New Construction. This class represents the initial build of an e-project, and falls in the area to the right of the vertical line in the software project management map in Exhibit 1. Just like a new house, cost/benefit analysis, blueprints, approvals (such as building permits), contracts, and legalities are essential steps. It may take months to complete the initial implementation of an e-project. To develop a new online store or a business-to-business exchange might take months.
Remodeling. New feature introductions are typical of remodeling e-projects, which fall in the “e-PM” zone in Exhibit 1. Just like a house, whereby you continue to live in the house during the room addition, new feature introductions are typically done while the online service continues to operate. Due to the dynamic modularity of HTML, new features can be added with little disruption and made available to users immediately. Typically, remodeling projects take weeks to complete.
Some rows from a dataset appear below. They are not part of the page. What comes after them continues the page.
(* Let $n\ge2$ and for $P\in\mathrm{Mat}(n^2,\mathbb{C})$ put $P_1=P\otimes I_n$, $P_2=I_n\otimes P$. (a) Let $Q>0$ be real and let $P$ be a nontrivial solution of rank $r$ to $$P^*=P,\quad P^2=P,\quad Q^2(P_1P_2P_1-P_2P_1P_2)=P_1-P_2 .\qquad(\ast)$$ Let $k=\tfrac12\operatorname{rank}(P_1-P_2)$. Then for all integers $m\ge1$, $$\operatorname{tr}_3\big((P_1P_2)^m\big)=rn+(Q^{-2m}-1)\,k .$$ (b) Let $P$ be an orthogonal projection of rank $r$. If there exist a real constant $Q>1$ and a positive integer $k$ such that $\operatorname{tr}_3\big((P_1P_2)^m\big)=rn+(Q^{-2m}-1)k$ holds for $m=1,2,3$, then $P$ is a nontrivial solution of $(\ast)$ for this $Q$.
   Context: $I_n$ is the $n\times n$ identity matrix, $\otimes$ the Kronecker product, $\operatorname{tr}_3$ the matrix trace on $\mathrm{Mat}(n^3,\mathbb{C})$. A solution of $(\ast)$ is trivial if $P=0$ or $P=I_n\otimes I_n$, nontrivial otherwise. *)

theory Defs
  imports "Jordan_Normal_Form.Schur_Decomposition" "Jordan_Normal_Form.DL_Rank"
begin

definition kron_mat :: "'a :: times mat \<Rightarrow> 'a mat \<Rightarrow> 'a mat" where
  "kron_mat A B = mat (dim_row A * dim_row B) (dim_col A * dim_col B)
     (\<lambda>(i,j). A $$ (i div dim_row B, j div dim_col B) * B $$ (i mod dim_row B, j mod dim_col B))"

definition P1 :: "nat \<Rightarrow> complex mat \<Rightarrow> complex mat" where
  "P1 n P = kron_mat P (1\<^sub>m n)"

definition P2 :: "nat \<Rightarrow> complex mat \<Rightarrow> complex mat" where
  "P2 n P = kron_mat (1\<^sub>m n) P"

definition mat_trace :: "'a :: comm_monoid_add mat \<Rightarrow> 'a" where
  "mat_trace A = (\<Sum>i<dim_row A. A $$ (i,i))"

definition crank :: "complex mat \<Rightarrow> nat" where
  "crank A = vec_space.rank (dim_row A) A"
Maintenance. Every homeowner knows the need for constant maintenance. E-systems are no different, with maintenance performed in real time. Maintenance can include bug fixes, minor enhancements, content changes and additions, and other mundane tasks. Deployment of maintenance projects can occur one or more times a day.
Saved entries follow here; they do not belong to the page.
definition B14 :: "complex \<Rightarrow> complex \<Rightarrow> complex \<Rightarrow> complex \<Rightarrow> complex" where
  "B14 w a b c = w * a^3 * b^3 * c + (2 + 3 * w) * a^3 * b^2 * c^2 + (3 + 2 * w) * a^3 * b * c^3
    + a^3 * c^4 + (1 + 2 * w) * a^2 * b^4 * c + (5 + 4 * w) * a^2 * b^3 * c^2 + (5
    + w) * a^2 * b^2 * c^3 + (1 - w) * a^2 * b * c^4 + (1 + w) * a * b^5 * c + (3
    + w) * a * b^4 * c^2 + (2 - w) * a * b^3 * c^3 - w * a * b^2 * c^4 + (1 + w) * a^3 * b^3 + (6
    + w) * a^3 * b^2 * c + (4 - 5 * w) * a^3 * b * c^2 + (-1 - 4 * w) * a^3 * c^3 + (3
    + 2 * w) * a^2 * b^4 + (13 - 3 * w) * a^2 * b^3 * c + (4 - 21 * w) * a^2 * b^2 * c^2 + (-8
    - 17 * w) * a^2 * b * c^3 + (-3 - 3 * w) * a^2 * c^4 + (3 + w) * a * b^5 + (7
    - 8 * w) * a * b^4 * c + (-6 - 23 * w) * a * b^3 * c^2 + (-13 - 15 * w) * a * b^2 * c^3 + (-4
    - 2 * w) * a * b * c^4 + b^6 + (1 - 3 * w) * b^5 * c + (-3 - 6 * w) * b^4 * c^2 + (-4
    - 3 * w) * b^3 * c^3 - b^2 * c^4 - 3 * w * a^3 * b^2 + (-7 - 9 * w) * a^3 * b * c + (-6
    - 3 * w) * a^3 * c^2 + (-3 - 12 * w) * a^2 * b^3 + (-35 - 35 * w) * a^2 * b^2 * c + (-39
    - 14 * w) * a^2 * b * c^2 + (-9 + 3 * w) * a^2 * c^3 + (-8 - 15 * w) * a * b^4 + (-48
    - 33 * w) * a * b^3 * c + (-49 - 3 * w) * a * b^2 * c^2 + (-12 + 13 * w) * a * b * c^3
    + 3 * w * a * c^4 + (-5 - 6 * w) * b^5 + (-19 - 8 * w) * b^4 * c + (-15 + 6 * w) * b^3 * c^2
    + (-1 + 9 * w) * b^2 * c^3 + (1 + 2 * w) * b * c^4 - 3 * a^3 * b + (-1 + 3 * w) * a^3 * c
    + (-15 + 3 * w) * a^2 * b^2 + (-5 + 30 * w) * a^2 * b * c + (9 + 18 * w) * a^2 * c^2 + (-18
    + 12 * w) * a * b^3 + (7 + 64 * w) * a * b^2 * c + (35 + 51 * w) * a * b * c^2 + (12
    + 9 * w) * a * c^3 + (-5 + 10 * w) * b^4 + (14 + 36 * w) * b^3 * c + (27 + 27 * w) * b^2 * c^2
    + (11 + 5 * w) * b * c^3 + c^4 + (1 + w) * a^3 + (12 + 11 * w) * a^2 * b + (12
    + 3 * w) * a^2 * c + (30 + 22 * w) * a * b^2 + (43 + 4 * w) * a * b * c + (9
    - 9 * w) * a * c^2 + (20 + 10 * w) * b^3 + (28 - 6 * w) * b^2 * c + (6 - 15 * w) * b * c^2
    + (-1 - 4 * w) * c^3 - 3 * w * a^2 + (-2 - 15 * w) * a * b + (-9 - 12 * w) * a * c + (-5
    - 15 * w) * b^2 + (-16 - 17 * w) * b * c + (-6 - 3 * w) * c^2 - 3 * a + (-5 + w) * b + (-1
    + 3 * w) * c + (1 + w)"

definition B16 :: "complex \<Rightarrow> complex \<Rightarrow> complex \<Rightarrow> complex \<Rightarrow> complex" where
  "B16 w a b c = (1 + w) * a^2 * b + a^2 * c + (2 + w) * a * b^2 + (1 - w) * a * b * c + b^3
    - w * b^2 * c - w * a^2 + (-1 - 4 * w) * a * b + (-2 - 2 * w) * a * c + (-2 - 3 * w) * b^2
    + (-2 - w) * b * c - 2 * a + (-2 + w) * b + w * c + (1 + w)"

lemmas B_defs = B8_def B9_def B10_def B11_def B12_def B13_def B14_def B16_def

definition tauB :: "complex \<Rightarrow> complex \<Rightarrow> complex \<Rightarrow> complex \<Rightarrow> nat \<Rightarrow> complex" where
  "tauB w a b c = tau (1 + w) 1 (- w) (- 1 - w) a b c"

lemma tauB_init:
  "n < 5 \<Longrightarrow> tauB w a b c n = 1" "tauB w a b c 5 = a" "tauB w a b c 6 = b" "tauB w a b c 7 = c"
  unfolding tauB_def by (simp_all add: tau_init)

lemma tauB_rec:
  "tauB w a b c (n + 8) =
     (1 + w) * tauB w a b c (n + 3) * tauB w a b c (n + 4) * tauB w a b c (n + 5)
     + tauB w a b c n * tauB w a b c (n + 4) * tauB w a b c (n + 6)
     - w * tauB w a b c n * tauB w a b c (n + 1) * tauB w a b c (n + 7)
     - (1 + w) * tauB w a b c n * tauB w a b c (n + 1) * tauB w a b c (n + 2)
         * tauB w a b c (n + 3) * tauB w a b c (n + 4)"
  unfolding tauB_def tau_rec by (simp add: algebra_simps)
definition sc_banach :: "(nat \<Rightarrow> 'w::banach set) \<Rightarrow> (nat \<Rightarrow> 'w \<Rightarrow> real) \<Rightarrow> bool" where
  "sc_banach Wl nl \<longleftrightarrow>
     Wl 0 = UNIV \<and> (\<forall>w. nl 0 w = norm w) \<and>
     (\<forall>m. subspace (Wl m)) \<and>
     (\<forall>m. \<forall>v\<in>Wl m. \<forall>w\<in>Wl m. nl m (v + w) \<le> nl m v + nl m w) \<and>
     (\<forall>m. \<forall>w\<in>Wl m. \<forall>c. nl m (c *\<^sub>R w) = \<bar>c\<bar> * nl m w) \<and>
     (\<forall>m. \<forall>w\<in>Wl m. 0 \<le> nl m w \<and> (nl m w = 0 \<longleftrightarrow> w = 0)) \<and>
     \<comment> \<open>each level is complete\<close>
     (\<forall>m (s::nat \<Rightarrow> 'w). (\<forall>k. s k \<in> Wl m) \<and>
          (\<forall>e>0. \<exists>K. \<forall>i\<ge>K. \<forall>j\<ge>K. nl m (s i - s j) < e)
        \<longrightarrow> (\<exists>l\<in>Wl m. (\<lambda>k. nl m (s k - l)) \<longlonglongrightarrow> 0)) \<and>
     \<comment> \<open>nested\<close>
     (\<forall>m. Wl (Suc m) \<subseteq> Wl m) \<and>
     \<comment> \<open>compact inclusions W_k \<rightarrow> W_m for m < k: bounded sequences have convergent subsequences\<close>
     (\<forall>m k (s::nat \<Rightarrow> 'w) B. m < k \<and> (\<forall>i. s i \<in> Wl k \<and> nl k (s i) \<le> B)
        \<longrightarrow> (\<exists>r l. strict_mono r \<and> l \<in> Wl m \<and> (\<lambda>i. nl m (s (r i) - l)) \<longlonglongrightarrow> 0)) \<and>
     \<comment> \<open>W_infinity dense in every level\<close>
     (\<forall>m. \<forall>w\<in>Wl m. \<forall>e>0. \<exists>v\<in>(\<Inter>j. Wl j). nl m (w - v) < e)"

definition Elev :: "(nat \<Rightarrow> 'w set) \<Rightarrow> nat \<Rightarrow> ((real^'n) \<times> 'w) set" where
  "Elev Wl m = {p. snd p \<in> Wl m}"

definition Einf :: "(nat \<Rightarrow> 'w set) \<Rightarrow> ((real^'n) \<times> 'w) set" where
  "Einf Wl = {p. snd p \<in> (\<Inter>m. Wl m)}"

definition Enorm :: "(nat \<Rightarrow> 'w \<Rightarrow> real) \<Rightarrow> nat \<Rightarrow> (real^'n) \<times> 'w::real_normed_vector \<Rightarrow> real" where
  "Enorm nl m p = norm (fst p) + nl m (snd p)"

definition Cquad :: "((real^'n) \<times> 'w) set" where
  "Cquad = {p. \<forall>i. 0 \<le> fst p $ i}"

definition sigma :: "(real^'n) \<times> 'w \<Rightarrow> 'n set" where
  "sigma a = {i. fst a $ i = 0}"

definition closed_convex_cone :: "'a::real_normed_vector set \<Rightarrow> bool" where
  "closed_convex_cone P \<longleftrightarrow> closed P \<and> convex P \<and> P \<inter> uminus ` P = {0} \<and>
      {t *\<^sub>R x | t x. t \<ge> 0 \<and> x \<in> P} = P"

definition extreme_ray :: "'a::real_vector set \<Rightarrow> 'a \<Rightarrow> bool" where
  "extreme_ray P x \<longleftrightarrow> x \<in> P \<and> x \<noteq> 0 \<and>
     (\<forall>y. y \<in> P \<and> x - y \<in> P \<longrightarrow> (\<exists>t\<ge>0. y = t *\<^sub>R x))"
As an Internet site or service evolves, remodeling iterations may dramatically transform it over time.
A summary comparison of traditional and e-projects is shown in Exhibit 2.
Perhaps the biggest challenge in an organization and its e-projects is the “apparent” abandonment of internal processes. Traditional product realization processes have been built over many years and often reflect the culture and hierarchy of the organization. Each step in the process is measured against existing standards prior to advancing to the next step. The traditional “waterfall” process model is focused on quality and cost concerns, with less regard for time. Breaking this paradigm is uncomfortable and unpopular in highly structured organizations.
Nevertheless, the overriding importance of time drives modifications in existing processes, evidenced by the proposal of “light” methodologies by several industry sources. Seven or eight process steps must be reduced to three or four. Five or six layers of signature signoff must be reduced to one, two, or three. While some Internet pundits may claim a complete abandonment of process, we believe there is still a need for process—perhaps more than ever before—to maintain control over the e-business technical infrastructure. However, processes must adapt to the focus on speed, allowing for employee empowerment and organizational creativity.
In fact, there may be three different processes: one for new construction, one for remodeling, and one for maintenance.
New Construction. New construction should follow an accelerated implementation of existing software development processes or adaptations thereof. For example, a simple four-step process for new construction might be such as found in Exhibit 3.
In this “4D” e-process the discover phase is focused on the business analysis of the project. The design phase is used to create requirement documents, technical specifications, and acceptance criteria. Obviously, the develop phase is for programming, graphic design, technical implementation, and quality assurance. The deploy phase includes marketing activities and other post-release activities such as customer service, operations, and fulfillment.
Remodeling. The remodeling process will be an accelerated implementation of the new construction process with the focus on iterative design and develop phases. Usually discovery and deployment issues are associated with the whole project, not just new feature introductions, unless the remodeling project directly impacts those phases.
The remodeling process is iterative, as illustrated in Exhibit 4. Remodeling projects are ongoing and rapidly cycle through the design and develop phases. Unlike new construction, these projects are not necessarily planned well in advance but rather are part of an ongoing enhancement cycle. This type of activity must be anticipated, allowing for flexible resource allocation (financial and human resource) and rapid turnaround.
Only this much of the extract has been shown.